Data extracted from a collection
########

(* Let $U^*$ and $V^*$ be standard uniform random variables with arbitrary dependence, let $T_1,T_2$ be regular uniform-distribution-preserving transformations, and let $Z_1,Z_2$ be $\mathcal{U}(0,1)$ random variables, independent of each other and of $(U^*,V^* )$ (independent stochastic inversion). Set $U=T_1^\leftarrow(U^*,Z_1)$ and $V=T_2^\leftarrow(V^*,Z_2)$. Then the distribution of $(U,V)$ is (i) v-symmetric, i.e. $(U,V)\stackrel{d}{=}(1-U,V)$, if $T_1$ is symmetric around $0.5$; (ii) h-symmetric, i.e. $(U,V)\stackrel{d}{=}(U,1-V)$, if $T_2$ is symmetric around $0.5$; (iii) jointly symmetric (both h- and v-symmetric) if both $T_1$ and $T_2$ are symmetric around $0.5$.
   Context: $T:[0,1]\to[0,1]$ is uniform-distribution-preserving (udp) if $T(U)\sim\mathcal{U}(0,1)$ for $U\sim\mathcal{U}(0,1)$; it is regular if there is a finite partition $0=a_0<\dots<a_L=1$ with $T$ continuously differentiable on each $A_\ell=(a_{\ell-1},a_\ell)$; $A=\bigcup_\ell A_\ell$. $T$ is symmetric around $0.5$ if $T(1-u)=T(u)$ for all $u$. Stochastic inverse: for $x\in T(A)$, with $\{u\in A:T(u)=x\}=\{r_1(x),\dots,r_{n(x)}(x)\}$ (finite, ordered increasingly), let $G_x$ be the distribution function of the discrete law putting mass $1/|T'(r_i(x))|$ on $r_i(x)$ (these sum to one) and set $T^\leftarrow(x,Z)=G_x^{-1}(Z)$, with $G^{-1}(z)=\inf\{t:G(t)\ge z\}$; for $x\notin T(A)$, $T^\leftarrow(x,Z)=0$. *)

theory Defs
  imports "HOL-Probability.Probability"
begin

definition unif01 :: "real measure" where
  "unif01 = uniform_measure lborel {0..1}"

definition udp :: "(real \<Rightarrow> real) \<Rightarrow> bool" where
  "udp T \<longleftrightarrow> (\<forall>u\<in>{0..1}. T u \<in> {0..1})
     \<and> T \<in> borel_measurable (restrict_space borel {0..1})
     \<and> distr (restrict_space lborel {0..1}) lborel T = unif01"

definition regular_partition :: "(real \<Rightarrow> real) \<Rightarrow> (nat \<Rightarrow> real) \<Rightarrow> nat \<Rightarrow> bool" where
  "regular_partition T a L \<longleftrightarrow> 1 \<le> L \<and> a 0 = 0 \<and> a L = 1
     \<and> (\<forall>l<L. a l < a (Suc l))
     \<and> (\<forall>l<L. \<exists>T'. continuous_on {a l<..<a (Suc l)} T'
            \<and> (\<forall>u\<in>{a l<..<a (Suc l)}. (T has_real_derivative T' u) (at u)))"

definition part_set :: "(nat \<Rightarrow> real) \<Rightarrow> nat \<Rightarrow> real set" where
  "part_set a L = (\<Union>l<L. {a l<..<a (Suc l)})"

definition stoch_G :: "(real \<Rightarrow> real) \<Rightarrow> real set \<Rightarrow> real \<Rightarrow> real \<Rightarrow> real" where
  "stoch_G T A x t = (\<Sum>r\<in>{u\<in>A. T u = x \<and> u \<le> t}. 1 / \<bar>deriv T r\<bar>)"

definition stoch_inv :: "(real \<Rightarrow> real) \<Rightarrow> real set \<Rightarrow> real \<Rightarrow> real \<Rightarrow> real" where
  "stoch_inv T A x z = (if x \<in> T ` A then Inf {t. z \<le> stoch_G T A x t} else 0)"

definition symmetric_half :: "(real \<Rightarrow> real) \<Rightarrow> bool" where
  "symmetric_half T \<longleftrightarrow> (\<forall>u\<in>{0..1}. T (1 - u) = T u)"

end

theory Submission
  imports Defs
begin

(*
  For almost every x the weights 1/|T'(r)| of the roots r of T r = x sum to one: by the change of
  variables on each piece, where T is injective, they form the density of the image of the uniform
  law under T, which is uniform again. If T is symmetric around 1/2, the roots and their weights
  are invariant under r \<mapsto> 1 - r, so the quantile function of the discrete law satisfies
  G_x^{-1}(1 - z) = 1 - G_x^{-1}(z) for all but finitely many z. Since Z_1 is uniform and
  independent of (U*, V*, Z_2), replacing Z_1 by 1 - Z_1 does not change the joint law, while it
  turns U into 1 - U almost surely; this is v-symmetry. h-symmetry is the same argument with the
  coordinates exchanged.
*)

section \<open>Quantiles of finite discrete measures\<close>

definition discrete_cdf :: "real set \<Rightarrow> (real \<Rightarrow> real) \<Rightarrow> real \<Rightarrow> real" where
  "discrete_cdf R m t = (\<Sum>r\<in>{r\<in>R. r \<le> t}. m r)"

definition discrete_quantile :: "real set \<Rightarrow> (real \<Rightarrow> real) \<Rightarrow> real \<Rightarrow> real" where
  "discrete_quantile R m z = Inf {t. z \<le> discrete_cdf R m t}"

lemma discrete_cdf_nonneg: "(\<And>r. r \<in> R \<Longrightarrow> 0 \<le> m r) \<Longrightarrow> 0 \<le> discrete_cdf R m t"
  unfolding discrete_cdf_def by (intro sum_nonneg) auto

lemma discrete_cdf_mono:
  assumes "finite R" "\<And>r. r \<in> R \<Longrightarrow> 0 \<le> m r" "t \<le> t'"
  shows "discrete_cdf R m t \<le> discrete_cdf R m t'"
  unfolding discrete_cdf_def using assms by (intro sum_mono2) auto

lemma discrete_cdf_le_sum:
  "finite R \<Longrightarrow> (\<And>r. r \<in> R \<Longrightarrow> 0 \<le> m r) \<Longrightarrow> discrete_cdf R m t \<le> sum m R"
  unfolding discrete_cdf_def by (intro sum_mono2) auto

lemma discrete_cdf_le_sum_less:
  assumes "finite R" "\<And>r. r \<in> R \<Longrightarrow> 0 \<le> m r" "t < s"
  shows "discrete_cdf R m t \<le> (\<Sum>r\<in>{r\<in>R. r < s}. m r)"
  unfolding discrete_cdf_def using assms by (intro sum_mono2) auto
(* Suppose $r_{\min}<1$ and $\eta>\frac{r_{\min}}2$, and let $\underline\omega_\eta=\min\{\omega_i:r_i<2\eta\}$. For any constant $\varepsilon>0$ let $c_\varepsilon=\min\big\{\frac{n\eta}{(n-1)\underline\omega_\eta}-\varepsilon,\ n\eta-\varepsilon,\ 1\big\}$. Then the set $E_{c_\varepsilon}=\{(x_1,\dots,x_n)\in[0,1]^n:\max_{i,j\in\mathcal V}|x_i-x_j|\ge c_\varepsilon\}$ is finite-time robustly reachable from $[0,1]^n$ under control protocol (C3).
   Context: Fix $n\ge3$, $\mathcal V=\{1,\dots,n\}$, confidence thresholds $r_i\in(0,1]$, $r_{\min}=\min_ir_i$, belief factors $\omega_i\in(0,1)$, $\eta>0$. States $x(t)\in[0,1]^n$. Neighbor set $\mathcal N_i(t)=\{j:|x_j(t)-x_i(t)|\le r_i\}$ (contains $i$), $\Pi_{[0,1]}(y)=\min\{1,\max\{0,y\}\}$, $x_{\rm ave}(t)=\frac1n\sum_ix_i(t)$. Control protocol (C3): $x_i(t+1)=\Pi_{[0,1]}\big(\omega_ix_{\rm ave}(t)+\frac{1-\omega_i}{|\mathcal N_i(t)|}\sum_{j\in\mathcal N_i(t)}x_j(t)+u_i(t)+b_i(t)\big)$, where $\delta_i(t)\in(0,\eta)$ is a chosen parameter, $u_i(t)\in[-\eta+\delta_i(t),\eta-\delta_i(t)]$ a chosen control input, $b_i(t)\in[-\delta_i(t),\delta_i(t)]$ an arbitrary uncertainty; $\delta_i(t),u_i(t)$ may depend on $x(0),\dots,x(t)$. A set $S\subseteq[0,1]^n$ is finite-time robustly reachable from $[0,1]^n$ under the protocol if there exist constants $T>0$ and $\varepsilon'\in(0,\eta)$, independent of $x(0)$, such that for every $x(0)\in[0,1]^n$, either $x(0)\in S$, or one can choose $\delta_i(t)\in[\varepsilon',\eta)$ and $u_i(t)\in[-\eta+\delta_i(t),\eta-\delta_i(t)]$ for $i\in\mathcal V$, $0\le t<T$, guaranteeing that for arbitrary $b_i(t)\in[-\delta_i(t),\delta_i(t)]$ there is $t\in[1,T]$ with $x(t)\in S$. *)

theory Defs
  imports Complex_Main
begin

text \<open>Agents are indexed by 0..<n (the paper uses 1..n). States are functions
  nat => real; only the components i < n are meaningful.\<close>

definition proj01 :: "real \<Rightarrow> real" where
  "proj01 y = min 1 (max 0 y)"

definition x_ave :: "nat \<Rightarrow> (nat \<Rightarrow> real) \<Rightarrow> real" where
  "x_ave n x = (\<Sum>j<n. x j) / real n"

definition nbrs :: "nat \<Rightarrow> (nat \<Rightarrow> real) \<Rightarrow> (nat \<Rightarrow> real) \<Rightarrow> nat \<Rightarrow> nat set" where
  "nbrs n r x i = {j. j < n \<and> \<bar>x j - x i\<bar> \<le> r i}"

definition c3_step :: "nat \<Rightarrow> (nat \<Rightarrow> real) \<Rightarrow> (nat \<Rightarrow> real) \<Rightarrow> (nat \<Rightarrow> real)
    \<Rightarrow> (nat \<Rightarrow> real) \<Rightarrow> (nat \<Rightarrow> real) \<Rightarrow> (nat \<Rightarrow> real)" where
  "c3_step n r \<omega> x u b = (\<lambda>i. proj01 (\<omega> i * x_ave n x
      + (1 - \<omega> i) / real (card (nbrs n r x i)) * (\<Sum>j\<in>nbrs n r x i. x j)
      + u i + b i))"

########

:: INSTRUCTIONS TO FOLLOW ::
Only the lines from the one containing "min 1 (max 0" through the last line of the entries above should be copied, exactly as written.

:: EXERCISE ANSWER ::
  "proj01 y = min 1 (max 0 y)"

definition x_ave :: "nat \<Rightarrow> (nat \<Rightarrow> real) \<Rightarrow> real" where
  "x_ave n x = (\<Sum>j<n. x j) / real n"

definition nbrs :: "nat \<Rightarrow> (nat \<Rightarrow> real) \<Rightarrow> (nat \<Rightarrow> real) \<Rightarrow> nat \<Rightarrow> nat set" where
  "nbrs n r x i = {j. j < n \<and> \<bar>x j - x i\<bar> \<le> r i}"

definition c3_step :: "nat \<Rightarrow> (nat \<Rightarrow> real) \<Rightarrow> (nat \<Rightarrow> real) \<Rightarrow> (nat \<Rightarrow> real)
    \<Rightarrow> (nat \<Rightarrow> real) \<Rightarrow> (nat \<Rightarrow> real) \<Rightarrow> (nat \<Rightarrow> real)" where
  "c3_step n r \<omega> x u b = (\<lambda>i. proj01 (\<omega> i * x_ave n x
      + (1 - \<omega> i) / real (card (nbrs n r x i)) * (\<Sum>j\<in>nbrs n r x i. x j)
      + u i + b i))"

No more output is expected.